Key research themes
1. How do viscous effects and surface geometry influence flow patterns and energy dissipation in free-surface viscous flows past obstacles?
This theme focuses on the interaction between viscous free-surface flows and immobile obstructions, particularly cylinders and barriers, accounting for fluid properties, obstacle shape, and surface effects. Understanding flow structure such as pond formation, dry regions, vortex shedding, and forces on obstacles is critical for engineering applications like lava flow diversion, coastal and hydraulic engineering, and barrier design.
2. What are the mechanisms and energy pathways governing viscous dissipation and free surface oscillations in turbulent and breaking free-surface flows?
This theme investigates the physical origins and mathematical characterization of energy dissipation in turbulent free-surface flows, including wave breaking, turbulence-induced oscillations, and complex surface deformations. Insights into the partitioning of viscous dissipation into enstrophy and surface deformation components, coupled with models for oscillons and spatial correlation patterns, enable improved understanding of flow structure and energy transfer in natural and engineered shallow turbulent flows.
3. How can numerical and experimental approaches be combined to advance modeling of free surface flows and their interaction with structures under realistic boundary and flow conditions?
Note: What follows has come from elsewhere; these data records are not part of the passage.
(* Let $R$ be a local ring with maximal ideal $\mathfrak{m}$, complete and separated with respect to the $\mathfrak{m}$-adic topology, $\sigma$ a ring endomorphism of $R$ with $\sigma(\mathfrak{m})\subseteq\mathfrak{m}$, and $\delta$ a $\sigma$-derivation with $\delta(R)\subseteq\mathfrak{m}$ and $\delta(\mathfrak{m})\subseteq\mathfrak{m}^2$. Let $A=R[[X;\sigma,\delta]]$. An element $f=\sum f_iX^i\in A$ is a unit in $A$ if and only if its constant term $f_0$ is a unit in $R$. In particular $A$ is a local ring.
   Context: A $\sigma$-derivation is an additive map with $\delta(rs)=\delta(r)s+\sigma(r)\delta(s)$. $R[[X;\sigma,\delta]]$ consists of formal series $\sum_{n\ge0}r_nX^n$ with multiplication determined by $Xr=\sigma(r)X+\delta(r)$. A local ring is one whose non-units form a proper two-sided ideal. *)

theory Defs
  imports Main
begin

definition unit_wrt :: "('b \<Rightarrow> 'b \<Rightarrow> 'b) \<Rightarrow> 'b \<Rightarrow> 'b \<Rightarrow> bool" where
  "unit_wrt mul one x \<longleftrightarrow> (\<exists>y. mul x y = one \<and> mul y x = one)"

definition two_sided_ideal_wrt ::
  "('b \<Rightarrow> 'b \<Rightarrow> 'b) \<Rightarrow> ('b \<Rightarrow> 'b) \<Rightarrow> 'b \<Rightarrow> ('b \<Rightarrow> 'b \<Rightarrow> 'b) \<Rightarrow> 'b set \<Rightarrow> bool" where
  "two_sided_ideal_wrt add neg zero mul I \<longleftrightarrow>
     zero \<in> I \<and> (\<forall>x\<in>I. \<forall>y\<in>I. add x y \<in> I) \<and> (\<forall>x\<in>I. neg x \<in> I) \<and>
     (\<forall>x\<in>I. \<forall>r. mul r x \<in> I \<and> mul x r \<in> I)"

definition local_ring_wrt ::
  "('b \<Rightarrow> 'b \<Rightarrow> 'b) \<Rightarrow> ('b \<Rightarrow> 'b) \<Rightarrow> 'b \<Rightarrow> ('b \<Rightarrow> 'b \<Rightarrow> 'b) \<Rightarrow> 'b \<Rightarrow> bool" where
  "local_ring_wrt add neg zero mul one \<longleftrightarrow>
     two_sided_ideal_wrt add neg zero mul {x. \<not> unit_wrt mul one x} \<and>
     {x. \<not> unit_wrt mul one x} \<noteq> UNIV"

definition nonunits :: "'a::ring_1 set" where
  "nonunits = {x. \<not> unit_wrt (*) 1 x}"

inductive_set ideal_prod :: "'a::ring_1 set \<Rightarrow> 'a set \<Rightarrow> 'a set" for M N where
  zero: "0 \<in> ideal_prod M N"
| prod: "x \<in> M \<Longrightarrow> y \<in> N \<Longrightarrow> x * y \<in> ideal_prod M N"
| diff: "a \<in> ideal_prod M N \<Longrightarrow> b \<in> ideal_prod M N \<Longrightarrow> a - b \<in> ideal_prod M N"

fun ideal_pow :: "'a::ring_1 set \<Rightarrow> nat \<Rightarrow> 'a set" where
  "ideal_pow M 0 = UNIV"
| "ideal_pow M (Suc n) = ideal_prod M (ideal_pow M n)"

definition adic_tendsto :: "'a::ring_1 set \<Rightarrow> (nat \<Rightarrow> 'a) \<Rightarrow> 'a \<Rightarrow> bool" where
  "adic_tendsto M S a \<longleftrightarrow> (\<forall>k. \<exists>N. \<forall>n\<ge>N. S n - a \<in> ideal_pow M k)"

definition adic_cauchy :: "'a::ring_1 set \<Rightarrow> (nat \<Rightarrow> 'a) \<Rightarrow> bool" where
  "adic_cauchy M S \<longleftrightarrow> (\<forall>k. \<exists>N. \<forall>n\<ge>N. \<forall>p\<ge>N. S n - S p \<in> ideal_pow M k)"

definition adic_separated :: "'a::ring_1 set \<Rightarrow> bool" where
  "adic_separated M \<longleftrightarrow> (\<Inter>k. ideal_pow M k) = {0}"

definition adic_complete :: "'a::ring_1 set \<Rightarrow> bool" where
  "adic_complete M \<longleftrightarrow> (\<forall>S. adic_cauchy M S \<longrightarrow> (\<exists>a. adic_tendsto M S a))"

definition adic_lim :: "'a::ring_1 set \<Rightarrow> (nat \<Rightarrow> 'a) \<Rightarrow> 'a" where
  "adic_lim M S = (THE a. adic_tendsto M S a)"

definition ring_endo :: "('a::ring_1 \<Rightarrow> 'a) \<Rightarrow> bool" where
  "ring_endo \<sigma> \<longleftrightarrow> (\<forall>a b. \<sigma> (a + b) = \<sigma> a + \<sigma> b) \<and> (\<forall>a b. \<sigma> (a * b) = \<sigma> a * \<sigma> b) \<and> \<sigma> 1 = 1"

definition sigma_derivation :: "('a::ring_1 \<Rightarrow> 'a) \<Rightarrow> ('a \<Rightarrow> 'a) \<Rightarrow> bool" where
  "sigma_derivation \<sigma> \<delta> \<longleftrightarrow> (\<forall>a b. \<delta> (a + b) = \<delta> a + \<delta> b) \<and>
     (\<forall>r s. \<delta> (r * s) = \<delta> r * s + \<sigma> r * \<delta> s)"

(* X^n r = sum_j skew_coeff sigma delta n j r * X^j, from X r = sigma(r) X + delta(r) *)
fun skew_coeff :: "('a::ring_1 \<Rightarrow> 'a) \<Rightarrow> ('a \<Rightarrow> 'a) \<Rightarrow> nat \<Rightarrow> nat \<Rightarrow> 'a \<Rightarrow> 'a" where
  "skew_coeff \<sigma> \<delta> 0 j r = (if j = 0 then r else 0)"
| "skew_coeff \<sigma> \<delta> (Suc n) j r =
     (if j = 0 then 0 else \<sigma> (skew_coeff \<sigma> \<delta> n (j - 1) r)) + \<delta> (skew_coeff \<sigma> \<delta> n j r)"

(* Multiplication in R[[X;sigma,delta]] (series = coefficient functions nat => R):
   (sum_i f_i X^i)(sum_j g_j X^j) = sum_{i,j,l} f_i * skew_coeff i l (g_j) X^(l+j);
   the coefficient of X^k is the M-adic limit of its partial sums over i. *)
definition skew_mult :: "('a::ring_1 \<Rightarrow> 'a) \<Rightarrow> ('a \<Rightarrow> 'a) \<Rightarrow> 'a set \<Rightarrow>
    (nat \<Rightarrow> 'a) \<Rightarrow> (nat \<Rightarrow> 'a) \<Rightarrow> nat \<Rightarrow> 'a" where
  "skew_mult \<sigma> \<delta> M f g k =
     adic_lim M (\<lambda>N. \<Sum>j\<le>k. \<Sum>i<N. f i * skew_coeff \<sigma> \<delta> i (k - j) (g j))"

definition skew_one :: "nat \<Rightarrow> 'a::ring_1" where
  "skew_one k = (if k = 0 then 1 else 0)"

definition skew_add :: "(nat \<Rightarrow> 'a::ring_1) \<Rightarrow> (nat \<Rightarrow> 'a) \<Rightarrow> nat \<Rightarrow> 'a" where
  "skew_add f g k = f k + g k"

definition skew_neg :: "(nat \<Rightarrow> 'a::ring_1) \<Rightarrow> nat \<Rightarrow> 'a" where
  "skew_neg f k = - f k"

end

theory Submission
  imports Defs "HOL.Modules"
begin
definition Intr :: "('a \<Rightarrow> 'a) \<Rightarrow> 'a set set \<Rightarrow> real" where
  "Intr T U = lim (\<lambda>n. (1 / real n) *
     (\<Sum>S\<in>Pow {..<n}. (1/2)^n *
        ln (real (Ncov (join_cover T U S)) * real (Ncov (join_cover T U ({..<n} - S)))
            / real (Ncov (join_cover T U {..<n})))))"

definition htop_cover :: "('a \<Rightarrow> 'a) \<Rightarrow> 'a set set \<Rightarrow> real" where
  "htop_cover T U = lim (\<lambda>n. ln (real (Ncov (join_cover T U {..<n}))) / real n)"

text \<open>Topological entropy, valued in the extended reals (it may be infinite).\<close>
definition htop :: "('a::topological_space \<Rightarrow> 'a) \<Rightarrow> ereal" where
  "htop T = (SUP U\<in>{U. open_cover U}. ereal (htop_cover T U))"

end

(* Write N(U_S) for the minimal subcover size of the join of T^-i U over i in S. For a fixed
   cover U, ln N(U_S) is monotone in S, subadditive under unions and does not grow under
   translation of S. Hence both ln N(U_{n*}) and its uniform average over the subsets S of n* are
   subadditive in n, so their growth rates h(U) and Asc(U) exist (Fekete) and Asc(U) <= h(U);
   moreover the intricacy sum is twice the average minus ln N(U_{n*}), so Int(U) = 2 Asc(U) - h(U).
   Conversely, for the refined cover V = U_{k*} one has N(V_S) = N(U_{S+k*}), and S + k* misses on
   average at most k + n 2^-k points of n*, each of which costs at most ln N(U). This gives
   Asc(V) >= h(U) - 2^-k ln N(U) while h(V) <= h(U), so both Asc(V) and Int(V) tend to h(U)
   as k grows. *)

theory Submission
  imports Defs
begin

section \<open>Subadditive sequences\<close>

lemma subadditive_le_mult_add:
  fixes u :: "nat \<Rightarrow> real"
  assumes subadd: "\<And>m n. u (m + n) \<le> u m + u n"
  shows "u (q * k + r) \<le> real q * u k + u r"
proof (induction q)
  case (Suc q)
  have "u (Suc q * k + r) = u (k + (q * k + r))" by (simp add: algebra_simps)
  also have "\<dots> \<le> u k + u (q * k + r)" by (rule subadd)
  also have "\<dots> \<le> u k + (real q * u k + u r)" using Suc by simp
  finally show ?case by (simp add: algebra_simps)
qed simp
This theme covers numerical method development, including novel boundary conditions, meshfree algorithms, and fluid-structure interaction schemes, validated by detailed laboratory experiments for free-surface flows. It addresses challenges such as non-reflective boundary treatment, coupled moving solids, and advanced turbulence modeling, enabling robust and accurate simulations of complex flow-structure systems critical to environmental, civil, and hydraulic engineering applications.